The bike rental program was restarted this year with a company called Koloni that licenses the software to run the bikes, which were brought in for the cold season earlier this month, Berggren said. Visit McHenry County puts about $10,000 total toward the contract with Koloni for its services and a deal with the Bike Haven, a bike shop that helps maintain and store the bikes.
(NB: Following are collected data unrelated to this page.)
(* Let $\mathcal{C}_1$ be an even-like $[n,k_1,d_1]_2$ binary linear code, let $\mathcal{C}_2$ be the $[n,1,n]_2$ repetition code generated by the all-ones vector, and let $\mathcal{C}=\{(\mathbf{u},\mathbf{u}+\mathbf{v}):\mathbf{u}\in\mathcal{C}_1,\mathbf{v}\in\mathcal{C}_2\}$. Then: 1) $\mathcal{C}$ is a binary almost Euclidean self-orthogonal code if and only if $n$ is odd; 2) $\mathcal{C}$ is a binary Euclidean self-orthogonal code if and only if $n$ is even.
   Context: A binary code is even-like if every codeword has even Hamming weight. For a binary $[N,k,d]_2$ code $\mathcal{C}$, $\mathrm{Hull}_E(\mathcal{C})=\mathcal{C}\cap\mathcal{C}^{\perp_E}$ with $\perp_E$ the dual under $\sum_ix_iy_i$; $\mathcal{C}$ is Euclidean self-orthogonal if $\dim(\mathrm{Hull}_E(\mathcal{C}))=k$ and almost Euclidean self-orthogonal if $\dim(\mathrm{Hull}_E(\mathcal{C}))=k-1$. *)

theory Defs
  imports Main "HOL.Vector_Spaces" "HOL-Library.Z2" "HOL-Library.Function_Algebras"
begin

text \<open>Binary vectors of length n = CARD('n) are functions 'n \<Rightarrow> bit (bit = GF(2)).
  Vectors of length 2n are indexed by the sum type 'n + 'n.\<close>

definition bscale :: "bit \<Rightarrow> ('i \<Rightarrow> bit) \<Rightarrow> ('i \<Rightarrow> bit)" where
  "bscale c x = (\<lambda>i. c * x i)"

definition binary_linear_code :: "('i::finite \<Rightarrow> bit) set \<Rightarrow> bool" where
  "binary_linear_code C \<longleftrightarrow> module.subspace bscale C"

definition code_dim :: "('i::finite \<Rightarrow> bit) set \<Rightarrow> nat" where
  "code_dim C = vector_space.dim bscale C"

definition hamming_wt :: "('i::finite \<Rightarrow> bit) \<Rightarrow> nat" where
  "hamming_wt x = card {i. x i \<noteq> 0}"

definition even_like :: "('i::finite \<Rightarrow> bit) set \<Rightarrow> bool" where
  "even_like C \<longleftrightarrow> (\<forall>x\<in>C. even (hamming_wt x))"

definition euclid_ip :: "('i::finite \<Rightarrow> bit) \<Rightarrow> ('i \<Rightarrow> bit) \<Rightarrow> bit" where
  "euclid_ip x y = (\<Sum>i\<in>UNIV. x i * y i)"

definition euclid_dual :: "('i::finite \<Rightarrow> bit) set \<Rightarrow> ('i \<Rightarrow> bit) set" where
  "euclid_dual C = {y. \<forall>x\<in>C. euclid_ip x y = 0}"

definition hull_E :: "('i::finite \<Rightarrow> bit) set \<Rightarrow> ('i \<Rightarrow> bit) set" where
  "hull_E C = C \<inter> euclid_dual C"

definition euclid_self_orth :: "('i::finite \<Rightarrow> bit) set \<Rightarrow> bool" where
  "euclid_self_orth C \<longleftrightarrow> code_dim (hull_E C) = code_dim C"

definition almost_euclid_self_orth :: "('i::finite \<Rightarrow> bit) set \<Rightarrow> bool" where
  "almost_euclid_self_orth C \<longleftrightarrow> code_dim (hull_E C) + 1 = code_dim C"

definition repetition_code :: "('i::finite \<Rightarrow> bit) set" where
  "repetition_code = {(\<lambda>i. 0), (\<lambda>i. 1)}"

definition u_uv :: "('i::finite \<Rightarrow> bit) set \<Rightarrow> ('i \<Rightarrow> bit) set \<Rightarrow> ('i + 'i \<Rightarrow> bit) set" where
  "u_uv C1 C2 = {case_sum u (\<lambda>i. u i + v i) | u v. u \<in> C1 \<and> v \<in> C2}"

end

theory Submission
  imports Defs
begin

(* Write (u | u) for double u and e = (0 | 1) for ones_right. The code is the image of C1 under
   the injective linear map u \<mapsto> (u | u), extended by the line through e, which does not lie in
   that image; so its dimension is k1 + 1. Over GF(2) the inner product of (u | u + a) and
   (v | v + b) is 2 u\<cdot>v + b wt(u) + a wt(v) + a b n = a b n, since C1 is even-like. Hence for
   even n the code is self-orthogonal, and for odd n its hull is exactly the image of C1. *)

(* Z2 rewrites + and * on bit into xor and conjunction, which destroys the ring reasoning below. *)
declare add_bit_eq_xor [simp del] mult_bit_eq_and [simp del]

lemma of_nat_bit: "(of_nat n :: bit) = (if even n then 0 else 1)"
  by (induction n) auto

lemma sum_eq_of_nat_hamming_wt: "(\<Sum>i\<in>UNIV. x i) = (of_nat (hamming_wt x) :: bit)"
proof -
  have "(\<Sum>i\<in>UNIV. x i) = (\<Sum>i\<in>{i. x i \<noteq> 0}. x i)"
    by (rule sum.mono_neutral_right) auto
  also have "\<dots> = (\<Sum>i\<in>{i. x i \<noteq> 0}. 1)"
    by (rule sum.cong) auto
  finally show ?thesis
    by (simp add: hamming_wt_def)
qed

lemma sum_eq_0_if_even_like:
  assumes "even_like C" and "x \<in> C"
  shows "(\<Sum>i\<in>UNIV. x i) = 0"
  using assms by (simp add: even_like_def sum_eq_of_nat_hamming_wt of_nat_bit)

lemma bscale_0_left [simp]: "bscale 0 x = 0"
  by (simp add: bscale_def zero_fun_def)

lemma bscale_1_left [simp]: "bscale 1 x = x"
  by (simp add: bscale_def)

lemma vector_space_bscale: "vector_space (bscale :: bit \<Rightarrow> ('i \<Rightarrow> bit) \<Rightarrow> _)"
  by unfold_locales (auto simp: bscale_def fun_eq_iff distrib_left distrib_right)

lemma finite_UNIV_bit_fun: "finite (UNIV :: ('i::finite \<Rightarrow> bit) set)"
proof -
  have "finite {f :: 'i \<Rightarrow> bit. \<forall>x. (x \<in> UNIV \<longrightarrow> f x \<in> {0, 1}) \<and> (x \<notin> UNIV \<longrightarrow> f x = 0)}"
    by (rule finite_set_of_finite_funs) simp_all
  moreover have "\<dots> = UNIV"
    by (auto intro: bit.exhaust)
  ultimately show ?thesis
    by simp
qed

lemma finite_dimensional_bscale:
  obtains B where "finite_dimensional_vector_space (bscale :: bit \<Rightarrow> ('i::finite \<Rightarrow> bit) \<Rightarrow> _) B"
proof -
  interpret vector_space "bscale :: bit \<Rightarrow> ('i \<Rightarrow> bit) \<Rightarrow> _"
    by (rule vector_space_bscale)
  obtain B where "independent B" "span B = UNIV"
    using basis_exists[of UNIV] by (metis top.extremum_uniqueI)
  moreover have "finite B"
    using finite_UNIV_bit_fun by (rule finite_subset[OF subset_UNIV])
  ultimately show ?thesis
    by (intro that) (unfold_locales)
qed

lemma code_dim_image:
  fixes f :: "('i::finite \<Rightarrow> bit) \<Rightarrow> ('j::finite \<Rightarrow> bit)"
  assumes "Vector_Spaces.linear bscale bscale f" and "inj f"
  shows "code_dim (f ` C) = code_dim C"
proof -
  obtain B where "finite_dimensional_vector_space (bscale :: bit \<Rightarrow> ('i \<Rightarrow> bit) \<Rightarrow> _) B"
    by (rule finite_dimensional_bscale)
  then interpret finite_dimensional_vector_space_pair_1 "bscale :: bit \<Rightarrow> ('i \<Rightarrow> bit) \<Rightarrow> _" B
      "bscale :: bit \<Rightarrow> ('j \<Rightarrow> bit) \<Rightarrow> _"
    by (rule finite_dimensional_vector_space_pair_1.intro[OF _ vector_space_bscale])
  show ?thesis
    unfolding code_dim_def using dim_image_eq[OF assms(1)] assms(2) by (simp add: inj_on_def inj_def)
qed

lemma code_dim_add_line:
  fixes C :: "('i::finite \<Rightarrow> bit) set"
  assumes "binary_linear_code C" and "e \<notin> C"
  shows "code_dim {x + bscale a e | x a. x \<in> C} = code_dim C + 1"
proof -
  obtain B where "finite_dimensional_vector_space (bscale :: bit \<Rightarrow> ('i \<Rightarrow> bit) \<Rightarrow> _) B"
    by (rule finite_dimensional_bscale)
  then interpret finite_dimensional_vector_space "bscale :: bit \<Rightarrow> ('i \<Rightarrow> bit) \<Rightarrow> _" B .
  have span_C: "span C = C"
    using assms(1) by (simp add: binary_linear_code_def)
  have "span (insert e C) = {x + bscale a e | x a. x \<in> C}"
    unfolding span_insert span_C by (metis (no_types, opaque_lifting) add_diff_cancel diff_add_cancel)
  then have "code_dim {x + bscale a e | x a. x \<in> C} = dim (insert e C)"
    by (metis code_dim_def dim_span)
  also have "\<dots> = code_dim C + 1"
    using assms(2) by (simp add: dim_insert span_C code_dim_def)
  finally show ?thesis .
qed

lemma euclid_ip_sum_type:
  "euclid_ip x y = (\<Sum>i\<in>UNIV. x (Inl i) * y (Inl i)) + (\<Sum>i\<in>UNIV. x (Inr i) * y (Inr i))"
  unfolding euclid_ip_def UNIV_Plus_UNIV[symmetric] by (subst sum.Plus) simp_all

definition double :: "('i \<Rightarrow> bit) \<Rightarrow> ('i + 'i \<Rightarrow> bit)" where
  "double u = case_sum u u"

definition ones_right :: "'i + 'i \<Rightarrow> bit" where
  "ones_right = case_sum (\<lambda>_. 0) (\<lambda>_. 1)"

lemma linear_double: "Vector_Spaces.linear bscale bscale (double :: ('i::finite \<Rightarrow> bit) \<Rightarrow> _)"
  unfolding Vector_Spaces.linear_iff double_def
  using vector_space_bscale[where 'i='i] vector_space_bscale[where 'i="'i + 'i"]
  by (auto simp: bscale_def fun_eq_iff split: sum.split)

lemma double_0 [simp]: "double 0 = 0"
  by (simp add: double_def fun_eq_iff split: sum.split)

lemma inj_double: "inj double"
  by (rule injI) (metis double_def fun_eq_iff sum.case(1))

lemma ones_right_notin_range_double: "(ones_right :: 'i + 'i \<Rightarrow> bit) \<notin> range double"
proof
  assume "(ones_right :: 'i + 'i \<Rightarrow> bit) \<in> range double"
  then obtain u :: "'i \<Rightarrow> bit" where u: "ones_right = double u"
    by blast
  have "ones_right (Inl i) \<noteq> ones_right (Inr i)" "double u (Inl i) = double u (Inr i)" for i :: 'i
    by (simp_all add: ones_right_def double_def)
  with u show False
    by metis
qed

lemma u_uv_repetition_code:
  "u_uv C repetition_code = {double u + bscale a ones_right | u a. u \<in> C}"
proof -
  have constant_functions: "repetition_code = range (\<lambda>a i. a)"
    by (auto simp: repetition_code_def intro: bit.exhaust)
  have split: "case_sum u (\<lambda>i. u i + a) = double u + bscale a ones_right" for u and a :: bit
    by (auto simp: double_def ones_right_def bscale_def split: sum.split)
  have "u_uv C repetition_code = {case_sum u (\<lambda>i. u i + a) | u a. u \<in> C}"
    unfolding u_uv_def constant_functions by (auto 4 4 intro: rangeI)
  then show ?thesis
    by (simp only: split)
qed

lemma code_dim_u_uv_repetition_code:
  fixes C :: "('i::finite \<Rightarrow> bit) set"
  assumes "binary_linear_code C"
  shows "code_dim (u_uv C repetition_code) = code_dim C + 1"
proof -
  have "binary_linear_code (double ` C)"
    using assms module_hom.subspace_image[of bscale bscale double] linear_double
    by (simp add: binary_linear_code_def module_hom_iff_linear)
  moreover have "ones_right \<notin> double ` C"
    using ones_right_notin_range_double by blast
  ultimately have "code_dim {x + bscale a ones_right | x a. x \<in> double ` C} = code_dim (double ` C) + 1"
    by (rule code_dim_add_line)
  moreover have "u_uv C repetition_code = {x + bscale a ones_right | x a. x \<in> double ` C}"
    unfolding u_uv_repetition_code by blast
  ultimately have "code_dim (u_uv C repetition_code) = code_dim (double ` C) + 1"
    by simp
  also have "code_dim (double ` C) = code_dim C"
    by (rule code_dim_image[OF linear_double inj_double])
  finally show ?thesis .
qed

lemma euclid_ip_double_add:
  fixes u v :: "'i::finite \<Rightarrow> bit"
  assumes "(\<Sum>i\<in>UNIV. u i) = 0" and "(\<Sum>i\<in>UNIV. v i) = 0"
  shows "euclid_ip (double u + bscale a ones_right) (double v + bscale b ones_right)
    = a * b * of_nat (card (UNIV :: 'i set))"
proof -
  have char_2: "x * y + (x + a) * (y + b) = x * b + a * y + a * b" for x y :: bit
    by (cases x; cases y; cases a; cases b) simp_all
  have "euclid_ip (double u + bscale a ones_right) (double v + bscale b ones_right)
      = (\<Sum>i\<in>UNIV. u i * v i + (u i + a) * (v i + b))"
    by (simp add: euclid_ip_sum_type sum.distrib double_def ones_right_def bscale_def)
  also have "\<dots> = (\<Sum>i\<in>UNIV. u i) * b + a * (\<Sum>i\<in>UNIV. v i) + (\<Sum>i\<in>(UNIV :: 'i set). a * b)"
    by (simp only: char_2 sum.distrib sum_distrib_left sum_distrib_right)
  also have "\<dots> = a * b * of_nat (card (UNIV :: 'i set))"
    using assms by simp
  finally show ?thesis .
qed

lemma hull_E_u_uv_repetition_code_even:
  fixes C :: "('i::finite \<Rightarrow> bit) set"
  assumes "even_like C" and "even (card (UNIV :: 'i set))"
  shows "hull_E (u_uv C repetition_code) = u_uv C repetition_code"
proof -
  have "euclid_ip x y = 0" if "x \<in> u_uv C repetition_code" "y \<in> u_uv C repetition_code" for x y
    using that assms
    by (auto simp: u_uv_repetition_code euclid_ip_double_add sum_eq_0_if_even_like of_nat_bit)
  then show ?thesis
    by (auto simp: hull_E_def euclid_dual_def)
qed

lemma hull_E_u_uv_repetition_code_odd:
  fixes C :: "('i::finite \<Rightarrow> bit) set"
  assumes "binary_linear_code C" and "even_like C" and "odd (card (UNIV :: 'i set))"
  shows "hull_E (u_uv C repetition_code) = double ` C"
proof -
  have ip: "euclid_ip (double u + bscale a ones_right) (double v + bscale b ones_right) = a * b"
    if "u \<in> C" "v \<in> C" for u v a b
    using that assms(2,3) by (simp add: euclid_ip_double_add sum_eq_0_if_even_like of_nat_bit)
  have zero: "0 \<in> C"
    using assms(1) vector_space_bscale module.subspace_0
    by (metis binary_linear_code_def module_iff_vector_space)
  have "ones_right = double 0 + bscale 1 ones_right"
    by simp
  then have ones_right: "ones_right \<in> u_uv C repetition_code"
    using zero unfolding u_uv_repetition_code by blast
  show ?thesis
  proof (intro equalityI subsetI)
    fix x
    assume "x \<in> hull_E (u_uv C repetition_code)"
    then have "x \<in> u_uv C repetition_code" and "euclid_ip ones_right x = 0"
      using ones_right by (auto simp: hull_E_def euclid_dual_def)
    moreover from this(1) obtain u a where x: "x = double u + bscale a ones_right" "u \<in> C"
      unfolding u_uv_repetition_code by blast
    moreover have "euclid_ip ones_right x = a"
      using ip[OF zero x(2), of 1 a] x(1) by simp
    ultimately show "x \<in> double ` C"
      by simp
  next
    fix x
    assume "x \<in> double ` C"
    then obtain u where x: "x = double u + bscale 0 ones_right" "u \<in> C"
      by auto
    have "euclid_ip y x = 0" if "y \<in> u_uv C repetition_code" for y
    proof -
      from that obtain v b where y: "y = double v + bscale b ones_right" "v \<in> C"
        unfolding u_uv_repetition_code by blast
      have "euclid_ip y x = b * 0"
        unfolding x(1) y(1) by (rule ip[OF y(2) x(2)])
      then show ?thesis
        by simp
    qed
    moreover have "x \<in> u_uv C repetition_code"
      using x unfolding u_uv_repetition_code by blast
    ultimately show "x \<in> hull_E (u_uv C repetition_code)"
      by (simp add: hull_E_def euclid_dual_def)
  qed
qed

theorem lemma8:
  fixes C1 :: "('n::finite \<Rightarrow> bit) set"
  assumes "binary_linear_code C1"
    and "even_like C1"
  shows "(almost_euclid_self_orth (u_uv C1 repetition_code) \<longleftrightarrow> odd (card (UNIV :: 'n set)))
    \<and> (euclid_self_orth (u_uv C1 repetition_code) \<longleftrightarrow> even (card (UNIV :: 'n set)))"
proof -
  have dim: "code_dim (u_uv C1 repetition_code) = code_dim C1 + 1"
    using assms(1) by (rule code_dim_u_uv_repetition_code)
  show ?thesis
  proof (cases "even (card (UNIV :: 'n set))")
    case True
    with assms(2) have "hull_E (u_uv C1 repetition_code) = u_uv C1 repetition_code"
      by (rule hull_E_u_uv_repetition_code_even)
    with True dim show ?thesis
      by (simp add: euclid_self_orth_def almost_euclid_self_orth_def)
  next
    case False
    with assms have "hull_E (u_uv C1 repetition_code) = double ` C1"
      by (rule hull_E_u_uv_repetition_code_odd)
    with False dim show ?thesis
      by (simp add: euclid_self_orth_def almost_euclid_self_orth_def
          code_dim_image[OF linear_double inj_double])
  qed
qed

end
The county government chips in another $10,000, Berggren said, and each municipality and organization with a station pays $1,325 for its dock, Berggren said.

Berggren said she thinks if the bike rental program can continue, the bikes could prove to be more useful than scooters would.

There is a chance it will be more popular after the COVID-19 pandemic is under better control and more people are comfortable traveling to McHenry County on the train, she said. Those visitors might decide to use the bikes to cruise around.

“They may or may not come out in 2022. It all depends on the wrap-up meeting,” she said, adding that other changes, such as new station locations, could be implemented to see if the popularity of the rentals is boosted.

McHenry’s decision to move its dock from the city’s Metra station in 2019 to Fort McHenry this year proved fruitful, as it went from being one of the least used to the most heavily used this year, recording more than half of the program’s total rides supplied at 113.

A total of 216 bike rentals were made across the county for the bikeMC program this year, Berggren said, with 56 from the downtown Crystal Lake station. The Woodstock station was the only other that recorded more than 20. The MCC station saw the most rides where the bike was returned to a different station than the one it was rented from, with most of those cross-station rides ending at the Crystal Lake location.